We asked her if we should go talk to her family or if she had any other family members that may be able to help her. No. We asked if she would like us to call the police, we could all talk things out and make them better. No. Because no matter who we talked to, Ester knew they would just send her back home to live with the tyrants with absolutely no concern about her feelings or her reasons to want to live elsewhere. But unless I could conjure up some new CARING relatives or something, Ester was determined to stay on our couch.

Ester couldn't tell us where her house was. Ester didn't know anyone from church who could help her.

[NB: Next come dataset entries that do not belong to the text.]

section \<open>Slices of a tensor\<close>

lemma keep_largest_slices_dist_le:
  fixes A X Y :: "'k::finite \<Rightarrow> real^'n^'m"
  assumes "card {k. A k \<noteq> 0} \<le> s0" "card {k. Y k \<noteq> 0} \<le> s1" "s1 < s2" "s2 < s0"
    and "card S = min s2 CARD('k)" "\<forall>k\<in>S. \<forall>k'. k' \<notin> S \<longrightarrow> norm (A k') \<le> norm (A k)"
    and "\<And>k. X k = (if k \<in> S then A k else 0)"
  shows "frob (X - A) \<le> sqrt ((real s0 - real s2) / (real s0 - real s1)) * frob (Y - A)"
proof (rule power2_le_imp_le)
  define a where "a k = norm (A k) ^ 2" for k
  define c where "c = (real s0 - real s2) / (real s0 - real s1)"
  have "0 \<le> c"
    using assms(3,4) by (simp add: c_def)
  have "(\<Sum>k\<in>UNIV - {k. Y k \<noteq> 0}. a k) = (\<Sum>k\<in>UNIV - {k. Y k \<noteq> 0}. norm ((Y - A) k) ^ 2)"
    by (rule sum.cong) (auto simp: a_def)
  also have "\<dots> \<le> frob (Y - A) ^ 2"
    unfolding frob_power2 by (rule sum_mono2) auto
  finally have outside_Y: "(\<Sum>k\<in>UNIV - {k. Y k \<noteq> 0}. a k) \<le> frob (Y - A) ^ 2" .
  have "frob (X - A) ^ 2 = (\<Sum>k\<in>UNIV - S. norm ((X - A) k) ^ 2)"
    unfolding frob_power2 by (rule sum.mono_neutral_right) (auto simp: assms(7))
  also have "\<dots> = (\<Sum>k\<in>UNIV - S. a k)"
    by (rule sum.cong) (auto simp: assms(7) a_def)
  also have "\<dots> \<le> c * (\<Sum>k\<in>UNIV - {k. Y k \<noteq> 0}. a k)"
    unfolding c_def
    by (rule sum_outside_largest_le[where N = "{k. A k \<noteq> 0}"]) (use assms in \<open>auto simp: a_def power_mono\<close>)
  also have "\<dots> \<le> c * frob (Y - A) ^ 2"
    using outside_Y \<open>0 \<le> c\<close> by (rule mult_left_mono)
  finally have "frob (X - A) ^ 2 \<le> c * frob (Y - A) ^ 2" .
  then show "frob (X - A) ^ 2 \<le> (sqrt c * frob (Y - A)) ^ 2"
    using \<open>0 \<le> c\<close> by (simp only: power_mult_distrib real_sqrt_pow2)
  show "0 \<le> sqrt c * frob (Y - A)"
    using \<open>0 \<le> c\<close> by (simp add: frob_nonneg)
qed

lemma slicewise_best_rank_approx_dist_le:
  fixes Z Y Zr :: "'k::finite \<Rightarrow> real^'n^'m"
  assumes "\<And>k. rank (Z k) \<le> r0" "\<And>k. rank (Y k) \<le> r1" "\<And>k. best_rank_approx r2 (Z k) (Zr k)"
    and "r1 < r2" "r2 < r0"
  shows "frob (Zr - Z) \<le> sqrt ((real r0 - real r2) / (real r0 - real r1)) * frob (Y - Z)"
proof -
  have "norm ((Z - Zr) k) ^ 2 \<le> (real r0 - real r2) / (real r0 - real r1) * norm ((Z - Y) k) ^ 2" for k
    using best_rank_approx_dist_le[OF assms(1,2,3,4,5)] by simp
  then have "frob (Z - Zr) \<le> sqrt ((real r0 - real r2) / (real r0 - real r1)) * frob (Z - Y)"
    using assms(4,5) by (intro frob_le_sqrt_mult_if_slices_le) auto
  then show ?thesis
    by (simp add: frob_minus_commute)
qed

lemma slicewise_best_rank_approx_support:
  fixes Z Zr :: "'k::finite \<Rightarrow> real^'n^'m"
  assumes "\<And>k. best_rank_approx r (Z k) (Zr k)"
  shows "card {k. Zr k \<noteq> 0} \<le> card {k. Z k \<noteq> 0}"
proof (rule card_mono[OF finite], intro subsetI CollectI)
  fix k assume "k \<in> {k. Zr k \<noteq> 0}"
  then show "Z k \<noteq> 0"
    using best_rank_approx_zero[of r "Zr k"] assms[of k] by (cases "Z k = 0") simp_all
qed

theorem lemma2:
  fixes Z Y X :: "'k::finite \<Rightarrow> real^'n^'m"
    and r0 r1 r2 s0 s1 s2 :: nat
  assumes "Z \<in> Theta2 r0 s0"
    and "r1 < r2" and "r2 < r0" and "s1 < s2" and "s2 < s0"
    and "Y \<in> Theta2 r1 s1"
    and "is_P_Theta2 r2 s2 Z X"
  shows "frob (X - Z) \<le>
    (let \<alpha> = sqrt ((real s0 - real s2) / (real s0 - real s1));
         \<beta> = sqrt ((real r0 - real r2) / (real r0 - real r1))
     in (\<alpha> + \<beta> + \<alpha> * \<beta>) * frob (Y - Z))"
proof -
  define \<alpha> where "\<alpha> = sqrt ((real s0 - real s2) / (real s0 - real s1))"
  define \<beta> where "\<beta> = sqrt ((real r0 - real r2) / (real r0 - real r1))"
  define \<delta> where "\<delta> = frob (Y - Z)"
  obtain Zr S where Zr: "\<And>k. best_rank_approx r2 (Z k) (Zr k)"
    and S: "card S = min s2 CARD('k)" "\<forall>k\<in>S. \<forall>k'. k' \<notin> S \<longrightarrow> norm (Zr k') \<le> norm (Zr k)"
    and X: "\<And>k. X k = (if k \<in> S then Zr k else 0)"
    using assms(7) unfolding is_P_Theta2_def frob_mat_eq_norm by blast
  have rank_step: "frob (Zr - Z) \<le> \<beta> * \<delta>"
    unfolding \<beta>_def \<delta>_def using assms(1-3,6) Zr
    by (intro slicewise_best_rank_approx_dist_le) (auto simp: Theta2_def)
  have "card {k. Zr k \<noteq> 0} \<le> s0"
    using slicewise_best_rank_approx_support[where Z = Z and Zr = Zr, OF Zr] assms(1)
    by (auto simp: Theta2_def)
  then have "frob (X - Zr) \<le> \<alpha> * frob (Y - Zr)"
    unfolding \<alpha>_def using assms(4-6) S X
    by (intro keep_largest_slices_dist_le) (auto simp: Theta2_def)
  also have "\<dots> \<le> \<alpha> * (\<delta> + \<beta> * \<delta>)"
    using frob_triangle[of Y Zr Z] rank_step assms(4,5)
    by (intro mult_left_mono) (auto simp: \<alpha>_def \<delta>_def frob_minus_commute[of Z Zr])
  finally have "frob (X - Z) \<le> \<alpha> * (\<delta> + \<beta> * \<delta>) + \<beta> * \<delta>"
    using frob_triangle[of X Z Zr] rank_step by linarith
  then show ?thesis
    by (simp add: Let_def \<alpha>_def \<beta>_def \<delta>_def algebra_simps)
qed

end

There is this guy in our neighborhood. He's in his forties. He's nice and well meaning but also annoying. He's annoying because he wants to be my friend. He knows almost nothing about me, but he wants to be my friend. He brings community related stuff to my house for me. He plans barbecues around my schedule. He always wants to get together. With me. My wife tries to assist him because he's nice. She goes to the barbecues without me. Every time I see the guy approach our house, I get annoyed. I probably say things like, "That dork is pissing me off."

My wife says, "Why? He's nice."

I say, "It's stupid to pick a house and say I'm going to be friends with whomever lives here! He's trying so hard to be friends with someone he doesn't know. He keeps popping in."

My wife, "He just comes by to say hello."

Me, "It's the pop-in! Most people hate the Pop-In. I'm not alone. Anyway. That is not how I make friends and that guy needs to leave me alone."

My wife said, "You used to be nice. You're not nice like you used to be."

I wanted to say, "You mean I'm not nice like I was when I met the girl of my dreams and we quit our jobs at the giant call center together to travel around and live off my credit cards and had a great time? For some reason, I work my hands till they bleed so I can buy endless crap for four unnamed people who are not me and I'm not nice and happy like I was before as evidenced by the notion that I don't want to be friends with some weird dude in his forties who lives down the street? Some wicked thing has wrapped it's vines and tendrils round my heart and squeezed it until it was cold and hard and black as midnight?"

But instead of performing a soliloquy worthy of Hamlet, I just stared my wife in the eye and said nothing because I thought it was all ridiculous.

But my wife suggested calling the Pop-In guy to help us with Ester because he's always sniffin' around the neighborhood, seeing who's who and what's what. I said, "Yes. Call that guy."

That guy came right over and he knew who Ester was and where she lived. He told her he wanted to take her home. She said, "No. There are two sides to every story and nobody ever listens to my side. They'll just send me home and forget about me and nobody cares about my situation."

And the guy said, "Well. You can't stay here." And he grabbed her elbow and we all got up and walked out of the house. Right outside our house were two police cars and Ester's family. They were all searching the neighborhood for her. They were all so relieved. They put Ester in the front seat of their minivan and let her sit there alone for half an hour while they told us pointless stories about the neighborhood.

Everyone seemed happy and everyone went home. I said, "It's weird that everyone is so happy about it all. Ester just kept saying over and over that she didn't want to be swept under the rug but all we did was sweep her back under the rug. And then we all go on living like we did before."